Occasionally when you cover a story, you step on a land mine of issues that Americans are most passionate and angry about. It can be very unpleasant.

Dec. 11, 2005

It came as a surprise to me that I was picked to be a witness to the execution of Tookie Williams. I was volunteered by my office.

Equally surprising was how quickly it became a matter of interest. I had several requests for interviews on how I felt about witnessing the death of another man. Not good, is the short answer.

Stanley "Tookie" Williams is 52 now, but back when he was a young man he was a co-founder of the notorious Crips street gang, which brought drugs, robbery and death not just to Los Angeles, but eventually to a lot of cities in America.

Williams was convicted in 1981 of the shotgun killings of four people in two separate robberies. He's spent 24 years on death row, unable to convince any court that he didn't do it, or that there was a flaw in his trial. He is scheduled to die in San Quentin prison by lethal injection at 12:01 a.m. PT on Tuesday.

But Williams claims to be a changed and redeemed person. He spent the first half of his time in prison as a hardened criminal, and the second half, he says, trying to do some good for the world. He's found religion, and written nine books -- including an autobiography -- aimed at warning children away from a life in gangs. His supporters have nominated him many times for the Nobel Prize in both peace and literature, although that is not something hard to do.

He has a lot of celebrities pulling for him, including the Oscar-winning actor Jamie Foxx, who played him in a movie, and the rap singer Snoop Dogg, himself a former gang member who still flirts with the tough-guy image.

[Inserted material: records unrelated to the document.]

locale contractive_relaxation =
  fixes e :: "nat \<Rightarrow> 's::finite \<Rightarrow> real" and a G w :: "nat \<Rightarrow> 's \<Rightarrow> real" and \<beta> C :: real
  assumes \<beta>: "0 \<le> \<beta>" "\<beta> < 1"
    and step_bounds: "\<And>k i. 0 \<le> a k i \<and> a k i \<le> 1"
    and step_not_summable: "\<And>i. \<not> summable (\<lambda>k. a k i)"
    and noise_convergent: "\<And>i. convergent (\<lambda>n. \<Sum>k<n. a k i * w k i)"
    and noise_bounded: "\<And>k i. \<bar>a k i * w k i\<bar> \<le> a k i * C"
    and recursion: "\<And>k i. e (Suc k) i = (1 - a k i) * e k i + a k i * (G k i + w k i)"
    and contraction: "\<And>k d i. (\<And>j. \<bar>e k j\<bar> \<le> d) \<Longrightarrow> \<bar>G k i\<bar> \<le> \<beta> * d"
begin

lemma e_bounded: "\<exists>B\<ge>0. \<forall>k j. \<bar>e k j\<bar> \<le> B"
proof -
  define B where "B = max (Max (range (\<lambda>j. \<bar>e 0 j\<bar>))) (C / (1 - \<beta>))"
  have "C / (1 - \<beta>) \<le> B" unfolding B_def by simp
  then have BC: "C \<le> (1 - \<beta>) * B" using \<beta> by (simp add: field_simps)
  have "\<bar>e k j\<bar> \<le> B" for k j
  proof (induction k arbitrary: j)
    case 0
    then show ?case unfolding B_def by (simp add: le_max_iff_disj)
  next
    case (Suc k)
    have G: "\<bar>G k j\<bar> \<le> \<beta> * B" by (rule contraction) (rule Suc.IH)
    have "e (Suc k) j = (1 - a k j) * e k j + a k j * G k j + a k j * w k j"
      unfolding recursion by (simp add: algebra_simps)
    also have "\<bar>\<dots>\<bar> \<le> \<bar>(1 - a k j) * e k j\<bar> + \<bar>a k j * G k j\<bar> + \<bar>a k j * w k j\<bar>"
      by (meson abs_triangle_ineq add_mono order_trans order_refl)
    also have "\<dots> = (1 - a k j) * \<bar>e k j\<bar> + a k j * \<bar>G k j\<bar> + \<bar>a k j * w k j\<bar>"
      using step_bounds[of k j] by (simp add: abs_mult)
    also have "\<dots> \<le> (1 - a k j) * B + a k j * (\<beta> * B) + a k j * ((1 - \<beta>) * B)"
      using step_bounds[of k j] Suc.IH[of j] G noise_bounded[of k j] BC
      by (intro add_mono mult_left_mono) (auto intro: order_trans mult_left_mono)
    also have "\<dots> = B" by (simp add: algebra_simps)
    finally show ?case .
  qed
  moreover have "0 \<le> B" using calculation[of 0 undefined] by linarith
  ultimately show ?thesis by blast
qed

On Thursday, California Gov. Arnold Schwarzenegger held a private hearing, listening to arguments why Williams should, or should not, be spared.

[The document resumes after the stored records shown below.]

lemma mp_lower_often:
  assumes am: "\<not> nonamenable \<mu>" and r: "0 < r" "r < rho"
  obtains \<gamma> where "\<gamma> > 0" "\<And>K. \<exists>N\<ge>K. \<gamma> * r^N \<le> enn2real (mp N x y)"
proof -
  obtain S where S: "finite S" "S \<noteq> {}" and form_lower: "quad_form S m W \<ge> r * sq_norm S W"
    using folner_quad_form[OF am r(2)] by blast
  define c where "c = wmin / (real (card S) * wmax)"
  have c: "c > 0" unfolding c_def using S W_bounds by (simp add: card_gt_0_iff)
  obtain \<delta> L where \<delta>: "\<delta> > 0"
    and connect: "\<And>a b k. a \<in> S \<Longrightarrow> b \<in> S \<Longrightarrow> \<exists>d\<le>L. \<delta> * enn2real (mp k a b) \<le> enn2real (mp (k + d) x y)"
    using connecting_paths[OF S] by blast
  define \<Lambda> where "\<Lambda> = max 1 (r^L)"
  have \<Lambda>: "\<Lambda> > 0" unfolding \<Lambda>_def by simp
  show ?thesis
  proof (rule that[of "\<delta> * c / \<Lambda>"])
    show "\<delta> * c / \<Lambda> > 0" using \<delta> c \<Lambda> by simp
    fix k
    obtain a b where ab: "a \<in> S" "b \<in> S" and entry: "c * r^k \<le> trunc_pow m S k a b"
      using trunc_pow_entry_lower[where a=m and W=W and S=S and k=k,
          OF S m_sym m_nonneg r(1) W_bounds(1) W_bounds(2) W_bounds(3) form_lower]
      unfolding c_def by blast
    have "ennreal (trunc_pow m S k a b) \<le> mp k a b" by (rule trunc_pow_le_mp[OF S(1)])
    then have "enn2real (ennreal (trunc_pow m S k a b)) \<le> enn2real (mp k a b)"
      using mp_finite by (intro enn2real_mono) auto
    then have "trunc_pow m S k a b \<le> enn2real (mp k a b)"
      using trunc_pow_nonneg[of m, OF m_nonneg] by simp
    then have lower: "c * r^k \<le> enn2real (mp k a b)" using entry by linarith
    obtain d where d: "d \<le> L" and path: "\<delta> * enn2real (mp k a b) \<le> enn2real (mp (k + d) x y)"
      using connect[OF ab] by blast
    have r_d: "r^d \<le> \<Lambda>"
    proof (cases "r \<le> 1")
      case True then show ?thesis using r power_le_one[of r d] unfolding \<Lambda>_def by simp
    next
      case False then show ?thesis using d power_increasing[of d L r] unfolding \<Lambda>_def by simp
    qed
    have "\<delta> * c / \<Lambda> * r^(k + d) = \<delta> * c * r^k * (r^d / \<Lambda>)"
      using \<Lambda> by (simp add: power_add field_simps)
    also have "\<dots> \<le> \<delta> * c * r^k * 1"
      using r_d \<Lambda> \<delta> c r by (intro mult_left_mono) auto
    also have "\<dots> = \<delta> * (c * r^k)" by simp
    also have "\<dots> \<le> \<delta> * enn2real (mp k a b)" using lower \<delta> by simp
    also have "\<dots> \<le> enn2real (mp (k + d) x y)" by (rule path)
    finally show "\<exists>N\<ge>k. \<delta> * c / \<Lambda> * r^N \<le> enn2real (mp N x y)"
      by (intro exI[of _ "k + d"] conjI) simp_all
  qed
qed

lemma M_s_ge_rho:
  assumes am: "\<not> nonamenable \<mu>"
  shows "ereal rho \<le> M_s \<mu> x y"
proof (cases "rho = 0")
  case True
  have "ereal 0 \<le> M_s \<mu> x y" unfolding M_s_def
    by (intro le_Limsup always_eventually allI) (auto intro: real_root_ge_zero)
  then show ?thesis using True by simp
next
  case False
  then have "ereal 0 < ereal rho" using rho_nonneg by simp
  then show ?thesis
  proof (rule dense_le_bounded)
    fix t assume t: "ereal 0 < t" "t < ereal rho"
    then obtain r where tr: "t = ereal r" by (cases t) auto
    then have r: "0 < r" "r < rho" using t by auto
    obtain \<gamma> where "\<gamma> > 0" and "\<And>K. \<exists>N\<ge>K. \<gamma> * r^N \<le> enn2real (mp N x y)"
      using mp_lower_often[where x=x and y=y, OF am r] by blast
    then show "t \<le> M_s \<mu> x y"
      unfolding M_s_def tr using t tr by (intro limsup_root_ge) auto
  qed
qed

lemma nonamenable_iff_M_s_less_M_w: "nonamenable \<mu> \<longleftrightarrow> M_s \<mu> x y < M_w \<mu> x"
  unfolding M_w_eq_rho using M_s_lt_rho[of x y] M_s_ge_rho[of x y] not_le by blast

end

The statistics for Williams are grim. No California governor has commuted a death sentence since Ronald Reagan in 1967.

The death penalty was ruled unconstitutional and suspended across the entire country for a while. Since its return in 1976, only 230 prisoners have had their sentences commuted. And not one of them was for redemption of character. The reasons given were doubt about guilt, mental incapacity of the condemned, or the governor's own dislike for the death penalty.

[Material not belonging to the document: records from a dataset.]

(* Let $G=(V,E)$ be a bispanning graph, $G'=(V',E')\subseteq G$ a subgraph which is itself bispanning, and $\overline{G}=(\overline V,\overline E)=G/G'$. (i) If $E=S\,\dot\cup\,T$ with $S,T$ disjoint spanning trees of $G$, then $S\cap E'$ and $T\cap E'$ are disjoint spanning trees of $G'$, and $S\cap\overline E$ and $T\cap\overline E$ are disjoint spanning trees of $\overline G$. (ii) If $S',T'$ are two disjoint spanning trees of $G'$ and $\overline S,\overline T$ are two disjoint spanning trees of $\overline G$, then $S'\,\dot\cup\,\overline S$ and $T'\,\dot\cup\,\overline T$ are two disjoint spanning trees of $G$.
   Context: Graphs are finite, undirected, may have parallel edges, no loops. A spanning tree of $H$ is an edge set $T$ such that $(V(H),T)$ is connected and acyclic; $H$ is bispanning if its edge set is the union of two disjoint spanning trees. The contraction $G/G'$ replaces all vertices of $V'$ by one new vertex, deletes all edges with both ends in $V'$, and makes every other edge with an end in $V'$ incident to the new vertex; its edges are identified with the corresponding edges of $G$. *)

theory Defs
  imports Main
begin

text \<open>Parallel edges are allowed (different edges may have the same ends).\<close>

definition mgraph :: "'v set \<Rightarrow> 'e set \<Rightarrow> ('e \<Rightarrow> 'v \<times> 'v) \<Rightarrow> bool" where
  "mgraph V E ends \<longleftrightarrow> finite V \<and> finite E \<and>
     (\<forall>e\<in>E. fst (ends e) \<in> V \<and> snd (ends e) \<in> V \<and> fst (ends e) \<noteq> snd (ends e))"

definition joins :: "('e \<Rightarrow> 'v \<times> 'v) \<Rightarrow> 'e \<Rightarrow> 'v \<Rightarrow> 'v \<Rightarrow> bool" where
  "joins ends e u v \<longleftrightarrow> ends e = (u, v) \<or> ends e = (v, u)"

inductive reach :: "('e \<Rightarrow> 'v \<times> 'v) \<Rightarrow> 'e set \<Rightarrow> 'v \<Rightarrow> 'v \<Rightarrow> bool"
  for ends F where
  reach_refl: "reach ends F u u"
| reach_step: "reach ends F u v \<Longrightarrow> e \<in> F \<Longrightarrow> joins ends e v w \<Longrightarrow> reach ends F u w"

text \<open>A cycle in F: distinct vertices v_0..v_(k-1), distinct edges e_0..e_(k-1) of F,
  e_i joining v_i and v_(i+1 mod k). Two parallel edges form a cycle (k = 2).\<close>
definition has_cycle :: "('e \<Rightarrow> 'v \<times> 'v) \<Rightarrow> 'e set \<Rightarrow> bool" where
  "has_cycle ends F \<longleftrightarrow> (\<exists>vs es. length vs = length es \<and> length es \<ge> 1 \<and>
      distinct vs \<and> distinct es \<and> set es \<subseteq> F \<and>
      (\<forall>i < length es. joins ends (es ! i) (vs ! i) (vs ! ((i + 1) mod length es))))"

definition spanning_tree :: "'v set \<Rightarrow> 'e set \<Rightarrow> ('e \<Rightarrow> 'v \<times> 'v) \<Rightarrow> 'e set \<Rightarrow> bool" where
  "spanning_tree V E ends T \<longleftrightarrow> T \<subseteq> E \<and> (\<forall>u\<in>V. \<forall>v\<in>V. reach ends T u v) \<and> \<not> has_cycle ends T"

definition bispanning :: "'v set \<Rightarrow> 'e set \<Rightarrow> ('e \<Rightarrow> 'v \<times> 'v) \<Rightarrow> bool" where
  "bispanning V E ends \<longleftrightarrow> (\<exists>S T. S \<inter> T = {} \<and> S \<union> T = E \<and>
      spanning_tree V E ends S \<and> spanning_tree V E ends T)"

definition subgraph :: "'v set \<Rightarrow> 'e set \<Rightarrow> 'v set \<Rightarrow> 'e set \<Rightarrow> ('e \<Rightarrow> 'v \<times> 'v) \<Rightarrow> bool" where
  "subgraph V' E' V E ends \<longleftrightarrow> V' \<subseteq> V \<and> E' \<subseteq> E \<and> mgraph V' E' ends"

text \<open>Contraction G/G': vertices of V' are replaced by the new vertex None,
  other vertices v become Some v; edges with both ends in V' are deleted,
  the remaining edges keep their identity with ends redirected.\<close>
definition contr_map :: "'v set \<Rightarrow> 'v \<Rightarrow> 'v option" where
  "contr_map V' v = (if v \<in> V' then None else Some v)"

definition contr_V :: "'v set \<Rightarrow> 'v set \<Rightarrow> 'v option set" where
  "contr_V V V' = insert None (Some ` (V - V'))"

definition contr_E :: "'e set \<Rightarrow> 'v set \<Rightarrow> ('e \<Rightarrow> 'v \<times> 'v) \<Rightarrow> 'e set" where
  "contr_E E V' ends = {e \<in> E. \<not> (fst (ends e) \<in> V' \<and> snd (ends e) \<in> V')}"

definition contr_ends :: "'v set \<Rightarrow> ('e \<Rightarrow> 'v \<times> 'v) \<Rightarrow> 'e \<Rightarrow> 'v option \<times> 'v option" where
  "contr_ends V' ends e = (contr_map V' (fst (ends e)), contr_map V' (snd (ends e)))"

end

theory Submission imports Defs begin

text \<open>For an edge set F with ends in a finite vertex set W, |F| plus the number of
  connected components of (W, F) is at least |W|, with equality exactly when F is acyclic.
  Hence a spanning tree of an n-vertex graph is the same as an acyclic, or equivalently a
  connecting, edge set with n - 1 edges, and both parts of the theorem reduce to counting.
  (i) S \<inter> E' and T \<inter> E' are acyclic, so each has at most |V'| - 1 edges; they partition E',
  which has 2|V'| - 2 edges, so both are spanning trees of G'. Contraction keeps S connected
  and removes at least its |V'| - 1 edges inside G', matching the loss of |V'| - 1 vertices.
  (ii) S' \<union> Sb connects G, because Sb connects the contracted graph and S' connects V',
  and it has (|V'| - 1) + (|V| - |V'|) = |V| - 1 edges.\<close>

lemma joins_sym: "joins ends e u v \<Longrightarrow> joins ends e v u"
  by (auto simp: joins_def)

lemma reach_edge: "e \<in> F \<Longrightarrow> joins ends e u v \<Longrightarrow> reach ends F u v"
  by (meson reach.intros)

lemma reach_trans: "reach ends F u v \<Longrightarrow> reach ends F v w \<Longrightarrow> reach ends F u w"
  by (rotate_tac, induction rule: reach.induct) (auto intro: reach.intros)

lemma reach_sym: "reach ends F u v \<Longrightarrow> reach ends F v u"
  by (induction rule: reach.induct) (auto intro: reach.intros reach_trans reach_edge joins_sym)

lemma reach_mono: "reach ends F u v \<Longrightarrow> F \<subseteq> G \<Longrightarrow> reach ends G u v"
  by (induction rule: reach.induct) (auto intro: reach.intros)

lemma reach_empty: "reach ends {} u v \<Longrightarrow> u = v"
  by (induction rule: reach.induct) auto

lemma has_cycle_mono: "has_cycle ends F \<Longrightarrow> F \<subseteq> G \<Longrightarrow> has_cycle ends G"
  unfolding has_cycle_def by blast

lemma mgraph_subset: "mgraph W E ends \<Longrightarrow> F \<subseteq> E \<Longrightarrow> mgraph W F ends"
  unfolding mgraph_def using finite_subset by blast

lemma mgraph_joins: "mgraph W E ends \<Longrightarrow> e \<in> E \<Longrightarrow> \<exists>a b. joins ends e a b \<and> a \<in> W \<and> b \<in> W"
  unfolding mgraph_def joins_def by (metis prod.collapse)

definition walk :: "('e \<Rightarrow> 'v \<times> 'v) \<Rightarrow> 'e set \<Rightarrow> 'v list \<Rightarrow> 'e list \<Rightarrow> bool" where
  "walk ends F vs es \<longleftrightarrow> length vs = Suc (length es) \<and> set es \<subseteq> F \<and>
     (\<forall>i<length es. joins ends (es!i) (vs!i) (vs!Suc i))"

lemma reach_imp_distinct_walk:
  "reach ends F u v \<Longrightarrow> \<exists>vs es. walk ends F vs es \<and> hd vs = u \<and> last vs = v \<and> distinct vs"
proof (induction rule: reach.induct)
  case (reach_refl u)
  show ?case by (rule exI[of _ "[u]"], rule exI[of _ "[]"]) (simp add: walk_def)
next
  case (reach_step u v e w)
  then obtain vs es where p: "walk ends F vs es" "hd vs = u" "last vs = v" "distinct vs" by blast
  have ne: "vs \<noteq> []" using p(1) by (auto simp: walk_def)
  show ?case
  proof (cases "w \<in> set vs")
    case True
    then obtain j where j: "j < length vs" "vs ! j = w" by (metis in_set_conv_nth)
    have "walk ends F (take (Suc j) vs) (take j es)"
      using p(1) j unfolding walk_def by (auto simp: min_def dest: in_set_takeD)
    moreover have "hd (take (Suc j) vs) = u" using p(2) ne by simp
    moreover have "last (take (Suc j) vs) = w" using j by (simp add: take_Suc_conv_app_nth)
    ultimately show ?thesis using p(4) distinct_take by blast
  next
    case False
    have "walk ends F (vs @ [w]) (es @ [e])"
      using p(1,3) ne reach_step.hyps unfolding walk_def
      by (auto simp: nth_append last_conv_nth less_Suc_eq)
    then show ?thesis using p(2,4) ne False by auto
  qed
qed

lemma walk_distinct_edges:
  assumes "walk ends F vs es" "distinct vs" shows "distinct es"
  unfolding distinct_conv_nth
proof (intro allI impI notI)
  fix i j assume ij: "i < length es" "j < length es" "i \<noteq> j" and eq: "es ! i = es ! j"
  have L: "length vs = Suc (length es)"
    and "joins ends (es!i) (vs!i) (vs!Suc i)" "joins ends (es!i) (vs!j) (vs!Suc j)"
    using assms(1) ij eq by (auto simp: walk_def)
  then have "(vs!i = vs!j \<and> vs!Suc i = vs!Suc j) \<or> (vs!i = vs!Suc j \<and> vs!Suc i = vs!j)"
    by (auto simp: joins_def)
  then show False
    using assms(2) ij L by (auto simp: nth_eq_iff_index_eq)
qed

lemma has_cycle_insert_if_reach:
  assumes "reach ends F b a" "joins ends e a b" "e \<notin> F"
  shows "has_cycle ends (insert e F)"
proof -
  obtain vs es where p: "walk ends F vs es" "hd vs = b" "last vs = a" "distinct vs"
    using reach_imp_distinct_walk[OF assms(1)] by blast
  have L: "length vs = Suc (length es)" and S: "set es \<subseteq> F"
    and J: "\<forall>i<length es. joins ends (es!i) (vs!i) (vs!Suc i)"
    using p(1) by (auto simp: walk_def)
  have "distinct es" using walk_distinct_edges p by blast
  have ne: "vs \<noteq> []" using L by auto
  show ?thesis unfolding has_cycle_def
  proof (rule exI[of _ vs], rule exI[of _ "es @ [e]"], intro conjI allI impI)
    fix i assume i: "i < length (es @ [e])"
    show "joins ends ((es @ [e]) ! i) (vs ! i) (vs ! ((i + 1) mod length (es @ [e])))"
    proof (cases "i < length es")
      case True then show ?thesis using J by (simp add: nth_append)
    next
      case False
      then have "i = length es" using i by simp
      then show ?thesis using assms(2) p(2,3) L ne
        by (simp add: nth_append last_conv_nth hd_conv_nth joins_sym)
    qed
  qed (use L p S \<open>distinct es\<close> assms(3) in auto)
qed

Illinois' Gov. George Ryan commuted 167 death sentences in 2000 after finding that too many innocent people were being sent to death. He called the death penalty "arbitrary, capricious and immoral." If you subtract the Ryan commutations, clemency is rare.

In the last few days, Williams has been put on the path to death. Every personal possession has been removed from his cell, including his toothbrush. He is repeatedly talked to and counseled about his impending death. When prison officials talk to him, all they talk about is death.

Late on Monday night, I will go through security at San Quentin prison and get on a bus with a bunch of other reporters to go to the death chamber and watch Williams die. They say we won't be allowed to bring anything with us. They will issue us a pencil and notebook.

I have seen people die before. I've seen them die by gunshot, disease and in a flaming car. I've seen the aftermath of a car bombing in Baghdad. But I've never seen a man walk into a room healthy, and be rolled out 15 minutes later dead on a gurney.

My wife says her stomach is churning at the prospect of me watching this. I've been thinking about how far my world is from Tookie's.

The last few days, I've been dancing with my 9-year-old daughter in the annual "Nutcracker" ballet at her school. It's incredibly sweet.

I've been thinking how I will never know Tookie Williams and his world, and he will never know mine.